As frontier AI models continue to evolve and mature, threat actors are increasingly experimenting with techniques for writing malware with additional capabilities to dynamically adapt their behavior in an effort to avoid detection, as well as offloading the decision-making process to the LLM to figure out whether the compromised environment is valuable or secure enough to drop the next stage of payload.
“In the short term, the proliferation of frontier AI model capabilities risks empowering adversaries to exploit zero-days and n-days on an unprecedented scale,” said Palo Alto Networks Unit 42. “It is also likely to enable attackers to move at greater scale, sophistication and speed than ever before.”
Last month, the cybersecurity company also revealed a proof-of-concept (PoC) agent called Zealot, which harnesses the power of LLM to conduct end-to-end cloud attacks with minimal human guidance by exploiting known misconfigurations and vulnerabilities.

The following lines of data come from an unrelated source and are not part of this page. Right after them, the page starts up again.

definition spans_set :: "'a matroid \<Rightarrow> 'a set \<Rightarrow> 'a set \<Rightarrow> bool" where
  "spans_set M X Y \<longleftrightarrow> (\<forall>e \<in> Y. spans M X e)"

definition spanning :: "'a matroid \<Rightarrow> 'a set \<Rightarrow> bool" where
  "spanning M X \<longleftrightarrow> X \<subseteq> ground M \<and> spans_set M X (ground M)"

definition restrict :: "'a matroid \<Rightarrow> 'a set \<Rightarrow> 'a matroid" where
  "restrict M X = \<lparr> ground = X, indeps = {I \<in> indeps M. I \<subseteq> X} \<rparr>"

definition delete :: "'a matroid \<Rightarrow> 'a set \<Rightarrow> 'a matroid" where
  "delete M X = restrict M (ground M - X)"

definition dual :: "'a matroid \<Rightarrow> 'a matroid" where
  "dual M = \<lparr> ground = ground M,
              indeps = {I. I \<subseteq> ground M \<and> (\<exists>B. base M B \<and> I \<subseteq> ground M - B)} \<rparr>"

definition contract :: "'a matroid \<Rightarrow> 'a set \<Rightarrow> 'a matroid" where
  "contract M X = dual (delete (dual M) X)"

text \<open>Direct sum of two matroids (used with disjoint ground sets).\<close>
definition direct_sum :: "'a matroid \<Rightarrow> 'a matroid \<Rightarrow> 'a matroid" where
  "direct_sum M N = \<lparr> ground = ground M \<union> ground N,
     indeps = {I \<union> J | I J. I \<in> indeps M \<and> J \<in> indeps N} \<rparr>"

definition make_loops :: "'a matroid \<Rightarrow> 'a set \<Rightarrow> 'a matroid" where
  "make_loops M X = direct_sum (delete M X) \<lparr> ground = X, indeps = {{}} \<rparr>"

definition covering :: "('k \<Rightarrow> 'a matroid) \<Rightarrow> 'k set \<Rightarrow> 'a set \<Rightarrow> ('k \<Rightarrow> 'a set) \<Rightarrow> bool" where
  "covering N K Y R \<longleftrightarrow> (\<forall>i \<in> K. indep (N i) (R i)) \<and> (\<Union>i \<in> K. R i) = Y"

definition packing :: "('k \<Rightarrow> 'a matroid) \<Rightarrow> 'k set \<Rightarrow> 'a set \<Rightarrow> ('k \<Rightarrow> 'a set) \<Rightarrow> bool" where
  "packing N K Y P \<longleftrightarrow> (\<forall>i \<in> K. \<forall>j \<in> K. i \<noteq> j \<longrightarrow> P i \<inter> P j = {}) \<and>
     (\<forall>i \<in> K. spanning (N i) (P i))"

This, in turn, stems from the fact that cloud environments are “AI-attack-ready” by default, given that every action has an API counterpart, contains various discovery mechanisms such as metadata and computation services, is full of misconfigurations, and is driven by credential-based access.
“Current LLMs can perform a series of reconnaissance, exploit, privilege escalation, and data intrusions with minimal human guidance,” said Unit 42 researchers Yahav Festinger and Chen Deutschman. “Attacks are not new, but automation means operations that once required specialized expertise can now be conducted by AI agents following established patterns.”